This species is ecologically versatile and grows on a variety of substrates and under several Mediterranean climate regimes, ranging from semi-arid to humid ([12]). However, the prevailing climatic conditions in its current range are characterized by summer droughts ([15]). Indeed, drought-adapted provenances have been reported to better survive severe summer drought, though displaying lower vigor than mesic Atlantic provenances under favorable conditions ([1]).

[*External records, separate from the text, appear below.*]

lemma beta_eta_eq_refl [simp]: "t =\<^sub>\<beta>\<^sub>\<eta> t"
  by (simp add: beta_eta_eq_def)

lemma beta_eta_eq_trans [trans]: "s =\<^sub>\<beta>\<^sub>\<eta> t \<Longrightarrow> t =\<^sub>\<beta>\<^sub>\<eta> u \<Longrightarrow> s =\<^sub>\<beta>\<^sub>\<eta> u"
  unfolding beta_eta_eq_def by (rule rtranclp_trans)

lemma beta_eta_eq_cong:
  assumes F_step: "\<And>x y. bestep x y \<Longrightarrow> bestep (F x) (F y)" and "x =\<^sub>\<beta>\<^sub>\<eta> y"
  shows "F x =\<^sub>\<beta>\<^sub>\<eta> F y"
  using \<open>x =\<^sub>\<beta>\<^sub>\<eta> y\<close> unfolding beta_eta_eq_def
proof (induction rule: rtranclp_induct)
  case (step y z)
  from step.hyps(2) have "(sup bestep (conversep bestep)) (F y) (F z)"
    by (auto intro: F_step)
  with step.IH show ?case
    by (rule rtranclp.rtrancl_into_rtrancl)
qed simp

lemma beta_eta_eq_App_left: "s =\<^sub>\<beta>\<^sub>\<eta> s' \<Longrightarrow> App s t =\<^sub>\<beta>\<^sub>\<eta> App s' t"
  and beta_eta_eq_App_right: "t =\<^sub>\<beta>\<^sub>\<eta> t' \<Longrightarrow> App s t =\<^sub>\<beta>\<^sub>\<eta> App s t'"
  and beta_eta_eq_Lam: "t =\<^sub>\<beta>\<^sub>\<eta> t' \<Longrightarrow> Lam t =\<^sub>\<beta>\<^sub>\<eta> Lam t'"
  by (rule beta_eta_eq_cong; simp add: bestep.intros)+

lemma beta_eta_eq_beta: "App (Lam s) t =\<^sub>\<beta>\<^sub>\<eta> psubst (subst_env t 0) s"
  using bestep.beta[of s t] by (simp add: beta_eta_eq_def subst_eq_psubst r_into_rtranclp)

lemma beta_eta_eq_eta: "Lam (App (rename Suc s) (Var 0)) =\<^sub>\<beta>\<^sub>\<eta> s"
  using bestep.eta[of s] by (simp add: beta_eta_eq_def lift_eq_rename r_into_rtranclp)

definition lams :: "nat \<Rightarrow> tm \<Rightarrow> tm" where
  "lams k t = (Lam ^^ k) t"

text \<open>The variables bound by \<open>lams n\<close>, outermost first.\<close>
definition bound_vars :: "nat \<Rightarrow> tm list" where
  "bound_vars n = map (\<lambda>i. Var (n - 1 - i)) [0..<n]"

text \<open>The substitution performed by applying \<open>lams (length xs)\<close> to the arguments \<open>xs\<close>.\<close>
definition args_env :: "tm list \<Rightarrow> nat \<Rightarrow> tm" where
  "args_env xs i = (if i < length xs then xs ! (length xs - 1 - i) else Var (i - length xs))"

lemma apps_Nil [simp]: "apps s [] = s"
  and apps_Cons [simp]: "apps s (x # xs) = apps (App s x) xs"
  and apps_snoc [simp]: "apps s (xs @ [x]) = App (apps s xs) x"
  by (simp_all add: apps_def)

lemma lams_0 [simp]: "lams 0 t = t"
  and lams_Suc: "lams (Suc k) t = Lam (lams k t)"
  and lams_Suc_right: "lams (Suc k) t = lams k (Lam t)"
  by (simp_all add: lams_def funpow_swap1)

lemma length_bound_vars [simp]: "length (bound_vars n) = n"
  by (simp add: bound_vars_def)

lemma bound_vars_Suc: "bound_vars (Suc n) = map (rename Suc) (bound_vars n) @ [Var 0]"
  by (simp add: bound_vars_def Suc_diff_Suc)

lemma psubst_apps [simp]: "psubst \<sigma> (apps s xs) = apps (psubst \<sigma> s) (map (psubst \<sigma>) xs)"
  and rename_apps [simp]: "rename r (apps s xs) = apps (rename r s) (map (rename r) xs)"
  by (induction xs arbitrary: s) simp_all

lemma psubst_lams [simp]: "psubst \<sigma> (lams k t) = lams k (psubst ((up_subst ^^ k) \<sigma>) t)"
  by (induction k arbitrary: \<sigma>) (simp_all add: lams_Suc funpow_Suc_right del: funpow.simps)

lemma psubst_funpow_App: "psubst \<sigma> ((App f ^^ n) x) = (App (psubst \<sigma> f) ^^ n) (psubst \<sigma> x)"
  by (induction n) simp_all

lemma psubst_args_env_bound_vars: "map (psubst (args_env xs)) (bound_vars (length xs)) = xs"
  by (rule nth_equalityI) (auto simp: bound_vars_def args_env_def)

lemma closed_at_lams: "closed_at (k + m) t \<Longrightarrow> closed_at m (lams k t)"
  by (induction k arbitrary: m) (simp_all add: lams_Suc)

lemma closed_at_apps: "closed_at m h \<Longrightarrow> \<forall>x\<in>set xs. closed_at m x \<Longrightarrow> closed_at m (apps h xs)"
  by (induction xs arbitrary: h) auto

lemma beta_eta_eq_apps_head: "s =\<^sub>\<beta>\<^sub>\<eta> s' \<Longrightarrow> apps s xs =\<^sub>\<beta>\<^sub>\<eta> apps s' xs"
  by (induction xs arbitrary: s s') (auto intro: beta_eta_eq_App_left)

lemma beta_eta_eq_apps_args:
  "list_all2 beta_eta_eq xs ys \<Longrightarrow> apps s xs =\<^sub>\<beta>\<^sub>\<eta> apps s ys"
proof (induction xs ys arbitrary: s rule: list_all2_induct)
  case (Cons x xs y ys)
  have "apps (App s x) xs =\<^sub>\<beta>\<^sub>\<eta> apps (App s y) xs"
    using Cons.hyps(1) by (intro beta_eta_eq_apps_head beta_eta_eq_App_right)
  also have "apps (App s y) xs =\<^sub>\<beta>\<^sub>\<eta> apps (App s y) ys"
    by (rule Cons.IH)
  finally show ?case
    by simp
qed simp

lemma beta_eta_eq_lams: "s =\<^sub>\<beta>\<^sub>\<eta> s' \<Longrightarrow> lams k s =\<^sub>\<beta>\<^sub>\<eta> lams k s'"
  by (induction k) (simp_all add: lams_Suc beta_eta_eq_Lam)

Water stress is one of the main factors limiting the growth of this species. Moreover, predicted climatic scenarios include summer droughts of increasing severity in Mediterranean basin. Therefore, the detection of differences in drought tolerance and growth among populations on a geographical scale may allow selection of provenances better adapted to dry environments. Silvicultural treatments can ensure a greater flow of under-canopy water and reduce competition for water, light and nutrients, enhancing the growth of remnant trees ([41], [40]). Stand density reductions by thinning have been used extensively to increase soil water availability, by reducing stand transpiration and canopy interception of precipitation, thus improving stand growth rates ([3], [28], [29]).

Tree ring analysis is a powerful technique for detecting tree growth patterns and inter-annual growth variations related to climate ([22]). The intra-annual growth responses of conifers to local climatic variation have been successfully assessed using information on total ring width, earlywood and latewood widths ([9], [10], [42], [36], [37]). Indeed, the distinction between earlywood and latewood can lead to a higher temporal resolution of climate-growth relationships and thus provide a better understanding of the intra-annual growth responses to different climate conditions ([27], [46], [36]).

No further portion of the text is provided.